We're in search of a talented Site Reliability Engineer to join our dynamic tech startup specializing in infrastructure and authorization solutions. As a Site Reliability Engineer, you'll play a pivotal role in ensuring the reliability, availability, and performance of our systems. Your responsibilities will include designing, implementing, and maintaining scalable infrastructure solutions to support our expanding customer base.
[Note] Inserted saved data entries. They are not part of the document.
(* For any real numbers $t\ge1$ and $\varepsilon>0$, there exist an instance, a $t$-cohesive group $N^*$, and an allocation $A$ satisfying EJR-M such that the average satisfaction of $N^*$ with respect to $A$ is at most $\lfloor t\rfloor\cdot\left(1-\frac{\lfloor t\rfloor+1}{2t}\right)+\varepsilon$.
   Context: Model: There is a set of agents $N=\{1,\dots,n\}$. The resource $R$ consists of a cake $C=[0,c]$ for a real $c\ge 0$ and a set of indivisible goods $G=\{g_1,\dots,g_m\}$ for an integer $m\ge 0$, with $\max(c,m)>0$. A piece of cake is a union of finitely many disjoint closed subintervals of $C$; its length $\ell(\cdot)$ is the sum of the lengths of its intervals. A bundle $R'=(C',G')$ consists of a piece of cake $C'\subseteq C$ and a set $G'\subseteq G$; its size is $s(R')=\ell(C')+|G'|$. Each agent $i$ approves a bundle $R_i=(C_i,G_i)$, and her utility for a bundle $R'$ is $u_i(R')=\ell(C_i\cap C')+|G_i\cap G'|$. A parameter $\alpha\in(0,c+m]$ is given; an allocation is a bundle $A$ with $s(A)\le\alpha$. For a real $t>0$, $N^*\subseteq N$ is $t$-cohesive if $|N^*|\ge t n/\alpha$ and $s(\bigcap_{i\in N^*}R_i)\ge t$. EJR-M: an allocation $A$ satisfies EJR-M if for every real $t>0$ and every $t$-cohesive group $N^*$ for which there exists a bundle $R^*\subseteq R$ with $s(R^* )=t$ and $R^*\subseteq R_i$ for all $i\in N^*$, there is $j\in N^*$ with $u_j(A)\ge t$. The average satisfaction of a group $N'\subseteq N$ with respect to $A$ is $\frac1{|N'|}\sum_{i\in N'}u_i(A)$. *)

theory Defs
  imports "HOL-Analysis.Analysis"
begin

text \<open>Cake C = [0,c]; goods are {1..m} (g_k represented by k); agents are {1..n}.
A bundle is a pair (piece of cake, set of goods).\<close>

type_synonym cbundle = "real set \<times> nat set"

definition is_piece :: "real \<Rightarrow> real set \<Rightarrow> bool" where
  "is_piece c S \<longleftrightarrow> S \<subseteq> {0..c} \<and>
     (\<exists>F :: (real \<times> real) set. finite F \<and> (\<forall>(a,b)\<in>F. a \<le> b) \<and>
        (\<forall>(a,b)\<in>F. \<forall>(a',b')\<in>F. (a,b) \<noteq> (a',b') \<longrightarrow> {a..b} \<inter> {a'..b'} = {}) \<and>
        S = (\<Union>(a,b)\<in>F. {a..b}))"

definition len :: "real set \<Rightarrow> real" where
  "len S = measure lborel S"

definition is_bundle :: "real \<Rightarrow> nat \<Rightarrow> cbundle \<Rightarrow> bool" where
  "is_bundle c m B \<longleftrightarrow> is_piece c (fst B) \<and> snd B \<subseteq> {1..m}"

definition bsize :: "cbundle \<Rightarrow> real" where
  "bsize B = len (fst B) + real (card (snd B))"

definition util :: "cbundle \<Rightarrow> cbundle \<Rightarrow> real" where
  "util Ri B = len (fst Ri \<inter> fst B) + real (card (snd Ri \<inter> snd B))"

definition bsub :: "cbundle \<Rightarrow> cbundle \<Rightarrow> bool" where
  "bsub B B' \<longleftrightarrow> fst B \<subseteq> fst B' \<and> snd B \<subseteq> snd B'"

definition binter :: "(nat \<Rightarrow> cbundle) \<Rightarrow> nat set \<Rightarrow> cbundle" where
  "binter R S = ((\<Inter>i\<in>S. fst (R i)), (\<Inter>i\<in>S. snd (R i)))"

definition valid_instance :: "nat \<Rightarrow> real \<Rightarrow> nat \<Rightarrow> (nat \<Rightarrow> cbundle) \<Rightarrow> real \<Rightarrow> bool" where
  "valid_instance n c m R \<alpha> \<longleftrightarrow> n \<ge> 1 \<and> c \<ge> 0 \<and> max c (real m) > 0 \<and>
     (\<forall>i\<in>{1..n}. is_bundle c m (R i)) \<and> 0 < \<alpha> \<and> \<alpha> \<le> c + real m"

definition is_allocation :: "real \<Rightarrow> nat \<Rightarrow> real \<Rightarrow> cbundle \<Rightarrow> bool" where
  "is_allocation c m \<alpha> A \<longleftrightarrow> is_bundle c m A \<and> bsize A \<le> \<alpha>"

definition cohesive :: "nat \<Rightarrow> (nat \<Rightarrow> cbundle) \<Rightarrow> real \<Rightarrow> real \<Rightarrow> nat set \<Rightarrow> bool" where
  "cohesive n R \<alpha> t S \<longleftrightarrow> S \<subseteq> {1..n} \<and> real (card S) \<ge> t * real n / \<alpha> \<and> bsize (binter R S) \<ge> t"

definition EJR_M :: "nat \<Rightarrow> real \<Rightarrow> nat \<Rightarrow> (nat \<Rightarrow> cbundle) \<Rightarrow> real \<Rightarrow> cbundle \<Rightarrow> bool" where
  "EJR_M n c m R \<alpha> A \<longleftrightarrow>
     (\<forall>t>0. \<forall>S. cohesive n R \<alpha> t S \<and>
        (\<exists>Rs. is_bundle c m Rs \<and> bsize Rs = t \<and> (\<forall>i\<in>S. bsub Rs (R i)))
        \<longrightarrow> (\<exists>j\<in>S. util (R j) A \<ge> t))"

definition avg_sat :: "(nat \<Rightarrow> cbundle) \<Rightarrow> nat set \<Rightarrow> cbundle \<Rightarrow> real" where
  "avg_sat R S A = (\<Sum>i\<in>S. util (R i) A) / real (card S)"

end

theory Submission
  imports Defs
begin

text \<open>With k = \<lfloor>t\<rfloor> and \<alpha> = t, every agent approves k + 1 common goods,
which makes the whole population t-cohesive, and agent s additionally approves those goods
j \<le> k with j \<le> t s / n. The allocation consists of the goods 1, ..., k. A cohesive group S
with a common bundle of p goods has |S| \<ge> p n / t, so its agent with largest index s \<ge> |S|
approves all goods 1, ..., p and EJR-M holds. Counting pairs (s, j) bounds the total
satisfaction by the sum of n + 1 - j n / t over j \<le> k, i.e. the average by
k (1 - (k+1)/(2t)) + k/n.\<close>

lemma sum_card_filter_swap:
  assumes "finite I" "finite J"
  shows "(\<Sum>i\<in>I. card {j\<in>J. P i j}) = (\<Sum>j\<in>J. card {i\<in>I. P i j})"
proof -
  have "(\<Sum>i\<in>I. card {j\<in>J. P i j}) = (\<Sum>i\<in>I. \<Sum>j\<in>J. if P i j then 1 else 0)"
    using assms(2) by (simp add: sum.inter_filter[symmetric])
  also have "\<dots> = (\<Sum>j\<in>J. \<Sum>i\<in>I. if P i j then 1 else 0)"
    by (rule sum.swap)
  also have "\<dots> = (\<Sum>j\<in>J. card {i\<in>I. P i j})"
    using assms(1) by (simp add: sum.inter_filter[symmetric])
  finally show ?thesis .
qed

lemma card_atLeastAtMost_filter_ge:
  fixes a :: real
  assumes "a \<le> real n + 1"
  shows "real (card {s\<in>{1..n}. a \<le> real s}) \<le> real n + 1 - a"
proof -
  have "{s\<in>{1..n}. a \<le> real s} \<subseteq> {nat \<lceil>a\<rceil>..n}"
    by (auto simp: nat_le_iff ceiling_le_iff)
  then have "card {s\<in>{1..n}. a \<le> real s} \<le> n + 1 - nat \<lceil>a\<rceil>"
    using card_mono[of "{nat \<lceil>a\<rceil>..n}"] by fastforce
  moreover have "nat \<lceil>a\<rceil> \<le> n + 1"
    using assms by linarith
  ultimately show ?thesis
    using real_nat_ceiling_ge[of a] by (simp add: of_nat_diff)
qed

lemma is_piece_empty: "is_piece c {}"
  unfolding is_piece_def by (intro conjI exI[of _ "{}"]) auto

lemma bsize_goods: "bsize ({}, G) = real (card G)"
  by (simp add: bsize_def len_def)

lemma util_goods: "util ({}, G) ({}, G') = real (card (G \<inter> G'))"
  by (simp add: util_def len_def)

locale tight_ejr_m_instance =
  fixes t :: real and k n :: nat
  assumes k_pos: "1 \<le> k" and k_le_t: "real k \<le> t" and t_less: "t < real k + 1"
    and n_pos: "1 \<le> n"
begin

lemma t_pos: "0 < t"
  using k_pos k_le_t by linarith

definition low_goods :: "nat \<Rightarrow> nat set" where
  "low_goods s = {j\<in>{1..k}. real j * real n \<le> t * real s}"

definition profile :: "nat \<Rightarrow> cbundle" where
  "profile s = ({}, low_goods s \<union> {k+1..2*k+1})"

definition allocation :: cbundle where
  "allocation = ({}, {1..k})"

lemma util_profile_allocation: "util (profile s) allocation = real (card (low_goods s))"
proof -
  have "(low_goods s \<union> {k+1..2*k+1}) \<inter> {1..k} = low_goods s"
    unfolding low_goods_def by auto
  then show ?thesis
    by (simp add: profile_def allocation_def util_goods)
qed

lemma valid_instance_profile: "valid_instance n 0 (2*k+1) profile t"
  unfolding valid_instance_def is_bundle_def profile_def low_goods_def
  using n_pos k_pos k_le_t t_less is_piece_empty by auto

lemma is_allocation_allocation: "is_allocation 0 (2*k+1) t allocation"
  unfolding is_allocation_def is_bundle_def allocation_def
  using is_piece_empty k_le_t by (auto simp: bsize_goods)

lemma cohesive_all_agents: "cohesive n profile t t {1..n}"
proof -
  have binter: "binter profile {1..n} = ({}, \<Inter>s\<in>{1..n}. low_goods s \<union> {k+1..2*k+1})"
    using n_pos by (auto simp: binter_def profile_def)
  have "{k+1..2*k+1} \<subseteq> (\<Inter>s\<in>{1..n}. low_goods s \<union> {k+1..2*k+1})"
    by auto
  moreover have "(\<Inter>s\<in>{1..n}. low_goods s \<union> {k+1..2*k+1}) \<subseteq> {1..2*k+1}"
    using n_pos by (auto simp: low_goods_def)
  ultimately have "k + 1 \<le> card (\<Inter>s\<in>{1..n}. low_goods s \<union> {k+1..2*k+1})"
    using card_mono[of _ "{k+1..2*k+1}"] finite_subset[of _ "{1..2*k+1}"] by fastforce
  then show ?thesis
    unfolding cohesive_def binter bsize_goods using t_less by simp
qed

lemma atLeastAtMost_subset_low_goods_Max:
  assumes "S \<subseteq> {1..n}" "S \<noteq> {}" "real p * real n \<le> t * real (card S)"
  shows "{1..p} \<subseteq> low_goods (Max S)"
proof
  fix j
  assume j: "j \<in> {1..p}"
  have fin: "finite S"
    using assms(1) finite_subset by blast
  have "card S \<le> n"
    using card_mono[OF _ assms(1)] by simp
  then have "t * real (card S) \<le> t * real n"
    using t_pos by simp
  then have "real p * real n \<le> t * real n"
    using assms(3) by linarith
  then have "p \<le> k"
    using n_pos t_less by (simp add: mult_le_cancel_right)
  have "card S \<le> Max S"
    using fin assms card_mono[of "{1..Max S}" S] by fastforce
  have "real j * real n \<le> real p * real n"
    using j by (intro mult_right_mono) auto
  also have "\<dots> \<le> t * real (card S)"
    by (rule assms(3))
  also have "\<dots> \<le> t * real (Max S)"
    using \<open>card S \<le> Max S\<close> t_pos by simp
  finally show "j \<in> low_goods (Max S)"
    using j \<open>p \<le> k\<close> by (auto simp: low_goods_def)
qed

lemma EJR_M_allocation: "EJR_M n 0 (2*k+1) profile t allocation"
  unfolding EJR_M_def
proof (intro allI impI, elim conjE exE)
  fix t' S Rs
  assume "0 < t'" and coh: "cohesive n profile t t' S"
    and Rs: "is_bundle 0 (2*k+1) Rs" "bsize Rs = t'" "\<forall>i\<in>S. bsub Rs (profile i)"
  have S: "S \<subseteq> {1..n}" "t' * real n / t \<le> real (card S)"
    using coh by (auto simp: cohesive_def)
  moreover have "0 < t' * real n / t"
    using \<open>0 < t'\<close> n_pos t_pos by simp
  ultimately have "S \<noteq> {}"
    by auto
  then obtain i where "i \<in> S"
    by blast
  then have "fst Rs = {}"
    using Rs(3) by (auto simp: bsub_def profile_def)
  then have t': "t' = real (card (snd Rs))"
    using Rs(2) bsize_goods by (metis prod.collapse)
  have "real (card (snd Rs)) * real n \<le> t * real (card S)"
    using S(2) t_pos by (simp add: t' field_simps)
  then have "{1..card (snd Rs)} \<subseteq> low_goods (Max S)"
    by (rule atLeastAtMost_subset_low_goods_Max[OF S(1) \<open>S \<noteq> {}\<close>])
  then have "t' \<le> util (profile (Max S)) allocation"
    unfolding util_profile_allocation t'
    using card_mono[of "low_goods (Max S)" "{1..card (snd Rs)}"] by (simp add: low_goods_def)
  moreover have "Max S \<in> S"
    using S(1) \<open>S \<noteq> {}\<close> finite_subset by (intro Max_in) auto
  ultimately show "\<exists>j\<in>S. t' \<le> util (profile j) allocation"
    by blast
qed

lemma sum_util_le:
  "(\<Sum>s\<in>{1..n}. util (profile s) allocation)
     \<le> real k * (real n + 1) - real n / t * (real k * (real k + 1) / 2)"
proof -
  have "(\<Sum>s\<in>{1..n}. util (profile s) allocation) = real (\<Sum>s\<in>{1..n}. card (low_goods s))"
    by (simp add: util_profile_allocation)
  also have "\<dots> = real (\<Sum>j\<in>{1..k}. card {s\<in>{1..n}. real j * real n \<le> t * real s})"
    unfolding low_goods_def by (subst sum_card_filter_swap) auto
  also have "\<dots> = (\<Sum>j\<in>{1..k}. real (card {s\<in>{1..n}. real j * real n / t \<le> real s}))"
    using t_pos by (simp add: pos_divide_le_eq mult.commute)
  also have "\<dots> \<le> (\<Sum>j\<in>{1..k}. real n + 1 - real j * real n / t)"
  proof (intro sum_mono card_atLeastAtMost_filter_ge)
    fix j
    assume "j \<in> {1..k}"
    then have "real j * real n \<le> t * real n"
      using k_le_t by (intro mult_right_mono) auto
    then have "real j * real n / t \<le> real n"
      using t_pos by (simp add: pos_divide_le_eq mult.commute)
    then show "real j * real n / t \<le> real n + 1"
      by linarith
  qed
  also have "\<dots> = real k * (real n + 1) - real n / t * (\<Sum>j=1..k. real j)"
    by (simp add: sum_subtractf sum_divide_distrib[symmetric] sum_distrib_right[symmetric] field_simps)
  also have "\<dots> = real k * (real n + 1) - real n / t * (real k * (real k + 1) / 2)"
    using double_gauss_sum_from_Suc_0[of k, where ?'a = real]
    by (metis One_nat_def nonzero_mult_div_cancel_left zero_neq_numeral)
  finally show ?thesis .
qed

lemma avg_sat_le:
  "avg_sat profile {1..n} allocation \<le> real k * (1 - (real k + 1) / (2 * t)) + real k / real n"
proof -
  have n: "0 < real n"
    using n_pos by simp
  have "avg_sat profile {1..n} allocation
          \<le> (real k * (real n + 1) - real n / t * (real k * (real k + 1) / 2)) / real n"
    unfolding avg_sat_def using sum_util_le n by (simp add: divide_right_mono)
  also have "\<dots> = real k * (1 - (real k + 1) / (2 * t)) + real k / real n"
    using n t_pos by (simp add: field_simps)
  finally show ?thesis .
qed

end

theorem mainTheorem14:
  fixes t \<epsilon> :: real
  assumes "t \<ge> 1" and "\<epsilon> > 0"
  shows "\<exists>n c m R \<alpha> S A. valid_instance n c m R \<alpha> \<and> cohesive n R \<alpha> t S \<and>
           is_allocation c m \<alpha> A \<and> EJR_M n c m R \<alpha> A \<and>
           avg_sat R S A \<le> of_int \<lfloor>t\<rfloor> * (1 - (of_int \<lfloor>t\<rfloor> + 1) / (2 * t)) + \<epsilon>"
proof -
  define k where "k = nat \<lfloor>t\<rfloor>"
  define n where "n = nat \<lceil>real k / \<epsilon>\<rceil> + 1"
  have k: "real k = of_int \<lfloor>t\<rfloor>"
    using assms(1) by (simp add: k_def)
  interpret tight_ejr_m_instance t k n
    by unfold_locales (use assms(1) k in \<open>linarith+\<close>, simp add: n_def)
  have "real k / \<epsilon> \<le> real n"
    unfolding n_def by linarith
  then have "real k / real n \<le> \<epsilon>"
    using assms(2) n_pos by (simp add: divide_le_eq pos_divide_le_eq mult.commute)
  then have "avg_sat profile {1..n} allocation \<le> real k * (1 - (real k + 1) / (2 * t)) + \<epsilon>"
    using avg_sat_le by linarith
  then show ?thesis
    using valid_instance_profile cohesive_all_agents is_allocation_allocation EJR_M_allocation
    unfolding k by blast
qed

end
This is an exciting opportunity to thrive in a fast-paced environment and contribute to the success of a company revolutionizing authorization systems worldwide.

Responsibilities

  1. Infrastructure Design and Implementation: Design, implement, and maintain highly available and scalable infrastructure solutions for our projects, products, and clients.
  2. Performance Monitoring and Optimization: Monitor and analyze system performance, identifying and resolving bottlenecks and issues to ensure optimal performance and reliability.
  3. Automation: Automate infrastructure deployment and configuration management processes to streamline operations and enhance efficiency.
  4. Reliability and Security: Continuously improve system reliability, security, and efficiency through proactive monitoring, capacity planning, and performance tuning.
  5. Troubleshooting: Troubleshoot and resolve complex infrastructure and application issues in production and test environments, ensuring minimal downtime and smooth operation.
  6. Collaboration: Collaborate closely with software engineering teams to design and implement resilient, scalable, and secure systems.
  7. On-call Support: Participate in an on-call rotation and respond to production incidents promptly and effectively.
  8. Documentation: Document system configurations, troubleshooting procedures, and operational guidelines to maintain clear and comprehensive documentation.

Requirements

  • Proven experience as a Site Reliability Engineer or in a similar role, demonstrating a strong understanding of infrastructure management and optimization.
  • Solid grasp of networking, operating systems, and cloud infrastructure, with hands-on experience in System Design and Distributed Computing.
  • Proficiency in various programming languages, including NodeJS, Java, Python, Ruby, and Go, with a keen interest in learning and adapting to new technologies.
  • Experience with containerization technologies such as Docker and Kubernetes, along with expertise in infrastructure-as-code tools like Terraform and Pulumi.
  • Familiarity with monitoring and logging tools such as Prometheus, Grafana, and ELK stack, essential for maintaining system health and performance.
  • Knowledge of relational databases, including lower-level implementation details, with bonus points for experience with distributed SQL databases like Google Cloud Spanner or CockroachDB.
  • Proficiency with Git and GitHub for version control and collaboration, coupled with experience in continuous integration and deployment systems.
  • Strong problem-solving and troubleshooting skills, complemented by excellent communication and collaboration abilities.

Benefits

  • Competitive salary ranging from $100,000 to $130,000 annually, depending on experience and qualifications.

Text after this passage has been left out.